§ **Exercise**: Within the entries that follow, show each line where the word "inter" occurs.

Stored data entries
+++
lemma F_val_eq_1_iff_D_val_eq_0:
  assumes kr: "is_kraus dA dB Es"
  shows "F_val \<Omega> dA dB Es k = 1 \<longleftrightarrow> D_val \<Omega> dA dB (kraus_space dA dB Es) k = 0"
proof -
  let ?n = "dA*dB" and ?J = "choi dA dB Es" and ?S = "feasible \<Omega> dA dB k"
  let ?P = "supp_proj_K dA dB (kraus_space dA dB Es)"
  define X where "X p = tensor_id_B dA dB (snd p) - fst p" for p :: "complex mat \<times> complex mat"
  define f where "f p = Re (mtrace (?J * X p))" for p
  define g where "g p = Re (mtrace (?P * X p))" for p
  have K: "\<forall>E\<in>set Es. E \<in> carrier_mat dB dA" using kr unfolding is_kraus_def by auto
  have PS: "is_proj_onto ?n (vecK dA dB ` kraus_space dA dB Es) ?P"
    by (rule supp_proj_K_is_proj_onto[OF K])
  hence H: "hermitian_mat ?n ?P" and idem: "?P * ?P = ?P" unfolding is_proj_onto_def by auto
  have J: "?J \<in> carrier_mat ?n ?n" unfolding choi_def by simp
  have X: "psd ?n (X p)" if "p \<in> ?S" for p
    using feasibleD that unfolding X_def by (metis prod.collapse)
  have "Re (mtrace (?J * fst p)) = 1 - f p" and "Re (mtrace (?P * (fst p - tensor_id_B dA dB (snd p)))) = 0 - g p"
    if "p \<in> ?S" for p
  proof -
    obtain W \<rho> where p: "p = (W, \<rho>)" by fastforce
    note feas = feasibleD[OF that[unfolded p]]
    show "Re (mtrace (?J * fst p)) = 1 - f p"
      unfolding f_def X_def p using feas
      by (simp add: mtrace_mult_minus[OF J tensor_id_B_carrier] mtrace_choi_tensor_id_B[OF kr])
    show "Re (mtrace (?P * (fst p - tensor_id_B dA dB (snd p)))) = 0 - g p"
      unfolding g_def X_def p using feas hermitian_mat_carrier[OF H]
      by (simp add: mtrace_mult_minus[of _ ?n] tensor_id_B_carrier)
  qed
  hence Fval: "F_val \<Omega> dA dB Es k = (SUP p\<in>?S. ereal (1 - f p))"
    and Dval: "D_val \<Omega> dA dB (kraus_space dA dB Es) k = (SUP p\<in>?S. ereal (0 - g p))"
    unfolding F_val_def D_val_def by (auto intro!: SUP_cong)
  have f0: "\<forall>p\<in>?S. 0 \<le> f p" and g0: "\<forall>p\<in>?S. 0 \<le> g p"
    unfolding f_def g_def using X mtrace_choi_mult_nonneg[OF K] mtrace_proj_mult_nonneg[OF H idem]
    by auto
  moreover obtain C1 where "C1 \<ge> 0" "\<forall>p\<in>?S. g p \<le> C1 * f p"
    using choi_supp_proj_comparable(1)[OF kr] X unfolding f_def g_def by metis
  moreover obtain C2 where "C2 \<ge> 0" "\<forall>p\<in>?S. f p \<le> C2 * g p"
    using choi_supp_proj_comparable(2)[OF kr] X unfolding f_def g_def by metis
  ultimately have "(\<forall>e>0. \<exists>p\<in>?S. f p < e) \<longleftrightarrow> (\<forall>e>0. \<exists>p\<in>?S. g p < e)"
    using arbitrarily_small_if_dominated[of ?S f C1 g] arbitrarily_small_if_dominated[of ?S g C2 f]
    by blast
  thus ?thesis
    unfolding Fval Dval one_ereal_def zero_ereal_def SUP_diff_eq_iff[OF f0] SUP_diff_eq_iff[OF g0] .
qed

theorem theorem1:
  fixes \<Omega> :: Omega and dA dB :: nat and Es :: "complex mat list"
  assumes "is_kraus dA dB Es"
  shows "(\<forall>k::real. k > 0 \<longrightarrow>
           (F_val \<Omega> dA dB Es k = 1 \<longleftrightarrow> D_val \<Omega> dA dB (kraus_space dA dB Es) k = 0)) \<and>
         Q0_N \<Omega> dA dB Es = Q0_K \<Omega> dA dB (kraus_space dA dB Es) \<and>
         Q0_K \<Omega> dA dB (kraus_space dA dB Es) = \<lfloor>kappa_K \<Omega> dA dB (kraus_space dA dB Es)\<rfloor>"
proof (intro conjI)
  show "\<forall>k::real. k > 0 \<longrightarrow>
          (F_val \<Omega> dA dB Es k = 1 \<longleftrightarrow> D_val \<Omega> dA dB (kraus_space dA dB Es) k = 0)"
    using F_val_eq_1_iff_D_val_eq_0[OF assms] by blast
  show "Q0_N \<Omega> dA dB Es = Q0_K \<Omega> dA dB (kraus_space dA dB Es)"
    unfolding Q0_N_def Q0_K_def kappa_N_def kappa_K_def F_val_eq_1_iff_D_val_eq_0[OF assms] ..
  show "Q0_K \<Omega> dA dB (kraus_space dA dB Es) = \<lfloor>kappa_K \<Omega> dA dB (kraus_space dA dB Es)\<rfloor>"
    unfolding Q0_K_def ..
qed

end
lemma sum_binomial_times_coindex:
  "(\<Sum>i\<le>Suc N. real (Suc N choose i) * r ^ (Suc N - i) * (real (Suc N - i) * u i))
     = real (Suc N) * r * (\<Sum>i\<le>N. real (N choose i) * r ^ (N - i) * u i)"
proof -
  have absorb: "real (Suc N choose i) * r ^ (Suc N - i) * (real (Suc N - i) * u i)
      = real (Suc N) * r * (real (N choose i) * r ^ (N - i) * u i)" if "i \<le> N" for i
  proof -
    have "real (Suc N - i) * real (Suc N choose i) = real (Suc N) * real (N choose i)"
      using arg_cong[OF binomial_absorb_comp[of "Suc N" i], of real]
      by (simp only: of_nat_mult diff_Suc_1)
    moreover have "r ^ (Suc N - i) = r * r ^ (N - i)"
      using that by (simp add: Suc_diff_le)
    ultimately show ?thesis
      by (metis mult.assoc mult.commute)
  qed
  have "(\<Sum>i\<le>Suc N. real (Suc N choose i) * r ^ (Suc N - i) * (real (Suc N - i) * u i))
      = (\<Sum>i\<le>N. real (Suc N choose i) * r ^ (Suc N - i) * (real (Suc N - i) * u i))"
    by (simp add: sum.atMost_Suc)
  also have "\<dots> = (\<Sum>i\<le>N. real (Suc N) * r * (real (N choose i) * r ^ (N - i) * u i))"
    using absorb by (intro sum.cong) auto
  finally show ?thesis
    by (simp only: sum_distrib_left)
qed

text \<open>Differentiating \<open>f\<close> produces the factor \<open>a\<close>, differentiating \<open>g\<close> the factor \<open>c r\<close>,
  and the two contributions cancel.\<close>

lemma binomial_sum_cancel:
  assumes "a + c * r = 0"
  shows "(\<Sum>i\<le>P. real (P choose i) * r ^ (P - i) *
      (real i * a * f (i - 1) * g (P - i) + real (P - i) * c * f i * g (P - i - 1))) = 0"
proof (cases P)
  case (Suc N)
  define S where "S = (\<Sum>i\<le>N. real (N choose i) * r ^ (N - i) * (f i * g (N - i)))"
  have "(\<Sum>i\<le>P. real (P choose i) * r ^ (P - i) *
      (real i * a * f (i - 1) * g (P - i) + real (P - i) * c * f i * g (P - i - 1)))
    = (\<Sum>i\<le>P. real (P choose i) * r ^ (P - i) * (real i * (a * f (i - 1) * g (P - i))))
      + (\<Sum>i\<le>P. real (P choose i) * r ^ (P - i) * (real (P - i) * (c * f i * g (N - i))))"
    unfolding sum.distrib[symmetric] by (intro sum.cong refl) (simp add: Suc algebra_simps)
  also have "\<dots> = real P * (a * S) + real P * r * (c * S)"
    unfolding Suc sum_binomial_times_index sum_binomial_times_coindex S_def
    by (simp add: sum_distrib_left mult_ac)
  also have "\<dots> = real P * (a + c * r) * S"
    by (simp add: algebra_simps)
  finally show ?thesis
    using assms by simp
qed simp

lemma real_add_times_pred:
  "real (m + n) * h (m + n - 1) = real m * h (m - 1 + n) + real n * h (m + (n - 1))"
  by (cases m; cases n) (simp_all add: algebra_simps)

lemma binomial_double_sum_cancel:
  assumes r: "a + c * r = 0" and s: "b + c * s = 0"
  shows "(\<Sum>i\<le>P. \<Sum>j\<le>Q. real (P choose i) * real (Q choose j) * r ^ (P - i) * s ^ (Q - j) *
      (real i * a * f (i - 1) * g j * h (P + Q - i - j)
       + real j * b * f i * g (j - 1) * h (P + Q - i - j)
       + c * f i * g j * (real (P + Q - i - j) * h (P + Q - i - j - 1)))) = 0"
proof -
  define \<alpha> where "\<alpha> i j = real (P choose i) * r ^ (P - i) *
      (real i * a * f (i - 1) * (g j * h (P - i + (Q - j)))
       + real (P - i) * c * f i * (g j * h (P - i - 1 + (Q - j))))" for i j
  define \<beta> where "\<beta> i j = real (Q choose j) * s ^ (Q - j) *
      (real j * b * g (j - 1) * (f i * h (P - i + (Q - j)))
       + real (Q - j) * c * g j * (f i * h (P - i + (Q - j - 1))))" for i j
  have \<alpha>_cancel: "(\<Sum>i\<le>P. \<alpha> i j) = 0" for j
    unfolding \<alpha>_def by (rule binomial_sum_cancel[OF r])
  have \<beta>_cancel: "(\<Sum>j\<le>Q. \<beta> i j) = 0" for i
    unfolding \<beta>_def by (rule binomial_sum_cancel[OF s])
  have "real (P choose i) * real (Q choose j) * r ^ (P - i) * s ^ (Q - j) *
      (real i * a * f (i - 1) * g j * h (P + Q - i - j)
       + real j * b * f i * g (j - 1) * h (P + Q - i - j)
       + c * f i * g j * (real (P + Q - i - j) * h (P + Q - i - j - 1)))
    = real (Q choose j) * s ^ (Q - j) * \<alpha> i j + real (P choose i) * r ^ (P - i) * \<beta> i j"
    if "i \<le> P" "j \<le> Q" for i j
  proof -
    have "P + Q - i - j = (P - i) + (Q - j)"
      using that by simp
    then show ?thesis
      unfolding \<alpha>_def \<beta>_def
      by (simp only:) (subst real_add_times_pred, simp add: algebra_simps)
  qed
  then have "(\<Sum>i\<le>P. \<Sum>j\<le>Q. real (P choose i) * real (Q choose j) * r ^ (P - i) * s ^ (Q - j) *
      (real i * a * f (i - 1) * g j * h (P + Q - i - j)
       + real j * b * f i * g (j - 1) * h (P + Q - i - j)
       + c * f i * g j * (real (P + Q - i - j) * h (P + Q - i - j - 1))))
    = (\<Sum>i\<le>P. \<Sum>j\<le>Q. real (Q choose j) * s ^ (Q - j) * \<alpha> i j)
      + (\<Sum>i\<le>P. \<Sum>j\<le>Q. real (P choose i) * r ^ (P - i) * \<beta> i j)"
    by (simp add: sum.distrib)
  also have "\<dots> = (\<Sum>j\<le>Q. real (Q choose j) * s ^ (Q - j) * (\<Sum>i\<le>P. \<alpha> i j))
      + (\<Sum>i\<le>P. real (P choose i) * r ^ (P - i) * (\<Sum>j\<le>Q. \<beta> i j))"
    by (simp only: sum_distrib_left sum.swap[of _ "{..P}"])
  finally show ?thesis
    by (simp add: \<alpha>_cancel \<beta>_cancel)
qed

lemma binom_conv3_deriv_zero:
  assumes F: "appell F" and G: "appell G" and H: "appell H"
    and r: "a + c * r = 0" and s: "b + c * s = 0"
  shows "((\<lambda>w. binom_conv3 P Q r s (\<lambda>i. F i (a * w + x)) (\<lambda>j. G j (b * w + y)) (\<lambda>l. H l (c * w + z)))
      has_real_derivative 0) (at t)"
proof -
  define K where "K i j = real (P choose i) * real (Q choose j) * r ^ (P - i) * s ^ (Q - j)" for i j
  have "((\<lambda>w. K i j * (F i (a * w + x) * G j (b * w + y) * H l (c * w + z))) has_real_derivative
      K i j * (real i * a * F (i - 1) (a * t + x) * G j (b * t + y) * H l (c * t + z)
        + real j * b * F i (a * t + x) * G (j - 1) (b * t + y) * H l (c * t + z)
        + c * F i (a * t + x) * G j (b * t + y) * (real l * H (l - 1) (c * t + z)))) (at t)"
    for i j l
    using DERIV_cmult[OF DERIV_mult[OF DERIV_mult[OF
        appell_linear_deriv[OF F, where n=i and a=a and x=x and t=t]
        appell_linear_deriv[OF G, where n=j and a=b and x=y and t=t]]
        appell_linear_deriv[OF H, where n=l and a=c and x=z and t=t]], of "K i j"]
    by (simp add: algebra_simps)
  then have "((\<lambda>w. \<Sum>i\<le>P. \<Sum>j\<le>Q. K i j * (F i (a * w + x) * G j (b * w + y) * H (P + Q - i - j) (c * w + z)))
      has_real_derivative (\<Sum>i\<le>P. \<Sum>j\<le>Q. K i j *
        (real i * a * F (i - 1) (a * t + x) * G j (b * t + y) * H (P + Q - i - j) (c * t + z)
        + real j * b * F i (a * t + x) * G (j - 1) (b * t + y) * H (P + Q - i - j) (c * t + z)
        + c * F i (a * t + x) * G j (b * t + y) *
            (real (P + Q - i - j) * H (P + Q - i - j - 1) (c * t + z))))) (at t)"
    by (intro DERIV_sum)
  also have "(\<Sum>i\<le>P. \<Sum>j\<le>Q. K i j *
        (real i * a * F (i - 1) (a * t + x) * G j (b * t + y) * H (P + Q - i - j) (c * t + z)
        + real j * b * F i (a * t + x) * G (j - 1) (b * t + y) * H (P + Q - i - j) (c * t + z)
        + c * F i (a * t + x) * G j (b * t + y) *
            (real (P + Q - i - j) * H (P + Q - i - j - 1) (c * t + z)))) = 0"
    unfolding K_def
    by (rule binomial_double_sum_cancel[OF r s, where f="\<lambda>i. F i (a * t + x)"
          and g="\<lambda>j. G j (b * t + y)" and h="\<lambda>l. H l (c * t + z)"])
  finally show ?thesis
    unfolding binom_conv3_def K_def .
qed

lemma binom_conv3_const:
  assumes "appell F" "appell G" "appell H" "a + c * r = 0" "b + c * s = 0"
  shows "binom_conv3 P Q r s (\<lambda>i. F i (a * w + x)) (\<lambda>j. G j (b * w + y)) (\<lambda>l. H l (c * w + z))
       = binom_conv3 P Q r s (\<lambda>i. F i (a * w' + x)) (\<lambda>j. G j (b * w' + y)) (\<lambda>l. H l (c * w' + z))"
  using binom_conv3_deriv_zero[OF assms] by (intro DERIV_isconst_all) blast

section \<open>Lattice points on a line and periodic sums\<close>

lemma sum_jumps_eq_total_change:
  fixes f g :: "real \<Rightarrow> real" and K :: "real set"
  assumes "finite K" and "u < v"
    and "\<And>s t. u \<le> s \<Longrightarrow> s < t \<Longrightarrow> t \<le> v \<Longrightarrow> {s<..<t} \<inter> K = {} \<Longrightarrow> f s = g t"
  shows "(\<Sum>k\<in>K \<inter> {u<..<v}. f k - g k) = g v - f u"
  using assms(2,3)
proof (induction "card (K \<inter> {u<..<v})" arbitrary: v rule: less_induct)
  case less
  show ?case
  proof (cases "K \<inter> {u<..<v} = {}")
    case True
    then show ?thesis
      using less.prems by (auto simp: Int_commute)
  next
    case False
    have fin: "finite (K \<inter> {u<..<v})"
      using assms(1) by simp
    define m where "m = Max (K \<inter> {u<..<v})"
    have m: "m \<in> K \<inter> {u<..<v}"
      unfolding m_def using Max_in[OF fin False] .
    have m_max: "k \<le> m" if "k \<in> K \<inter> {u<..<v}" for k
      unfolding m_def using Max_ge[OF fin that] .
    have split: "K \<inter> {u<..<v} = insert m (K \<inter> {u<..<m})"
      using m m_max by force
    have "card (K \<inter> {u<..<m}) < card (K \<inter> {u<..<v})"
      unfolding split using assms(1) by (simp add: card_insert_disjoint)
    then have "(\<Sum>k\<in>K \<inter> {u<..<m}. f k - g k) = g m - f u"
      using less.prems m by (intro less.hyps) auto
    moreover have "f m = g v"
    proof -
      have "{m<..<v} \<inter> K = {}"
        using m_max m by force
      then show ?thesis
        using less.prems m by auto
    qed
    ultimately show ?thesis
      unfolding split using assms(1) by (simp add: sum.insert)
  qed
qed

lemma lattice_points_finite:
  fixes m u v \<beta> :: real
  assumes "m > 0"
  shows "finite {w. u < w \<and> w < v \<and> m * w + \<beta> \<in> \<int>}"
proof (rule finite_subset)
  show "{w. u < w \<and> w < v \<and> m * w + \<beta> \<in> \<int>}
      \<subseteq> (\<lambda>k. (of_int k - \<beta>) / m) ` {\<lfloor>m * u + \<beta>\<rfloor>..\<lceil>m * v + \<beta>\<rceil>}"
  proof
    fix w
    assume w: "w \<in> {w. u < w \<and> w < v \<and> m * w + \<beta> \<in> \<int>}"
    then obtain k where k: "m * w + \<beta> = of_int k"
      by (auto elim: Ints_cases)
    have "m * u < m * w" "m * w < m * v"
      using w assms by auto
    then have "\<lfloor>m * u + \<beta>\<rfloor> \<le> k" "k \<le> \<lceil>m * v + \<beta>\<rceil>"
      using k by (simp_all add: floor_le_iff le_ceiling_iff)
    moreover have "w = (of_int k - \<beta>) / m"
      using k assms by (auto simp: field_simps)
    ultimately show "w \<in> (\<lambda>k. (of_int k - \<beta>) / m) ` {\<lfloor>m * u + \<beta>\<rfloor>..\<lceil>m * v + \<beta>\<rceil>}"
      by auto
  qed
qed simp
+++
§ **Solution for this task**:
    and "\<And>s t. u \<le> s \<Longrightarrow> s < t \<Longrightarrow> t \<le> v \<Longrightarrow> {s<..<t} \<inter> K = {} \<Longrightarrow> f s = g t"
  shows "(\<Sum>k\<in>K \<inter> {u<..<v}. f k - g k) = g v - f u"
proof (induction "card (K \<inter> {u<..<v})" arbitrary: v rule: less_induct)
  proof (cases "K \<inter> {u<..<v} = {}")
    have fin: "finite (K \<inter> {u<..<v})"
    define m where "m = Max (K \<inter> {u<..<v})"
    have m: "m \<in> K \<inter> {u<..<v}"
    have m_max: "k \<le> m" if "k \<in> K \<inter> {u<..<v}" for k
    have split: "K \<inter> {u<..<v} = insert m (K \<inter> {u<..<m})"
    have "card (K \<inter> {u<..<m}) < card (K \<inter> {u<..<v})"
    then have "(\<Sum>k\<in>K \<inter> {u<..<m}. f k - g k) = g m - f u"
      have "{m<..<v} \<inter> K = {}"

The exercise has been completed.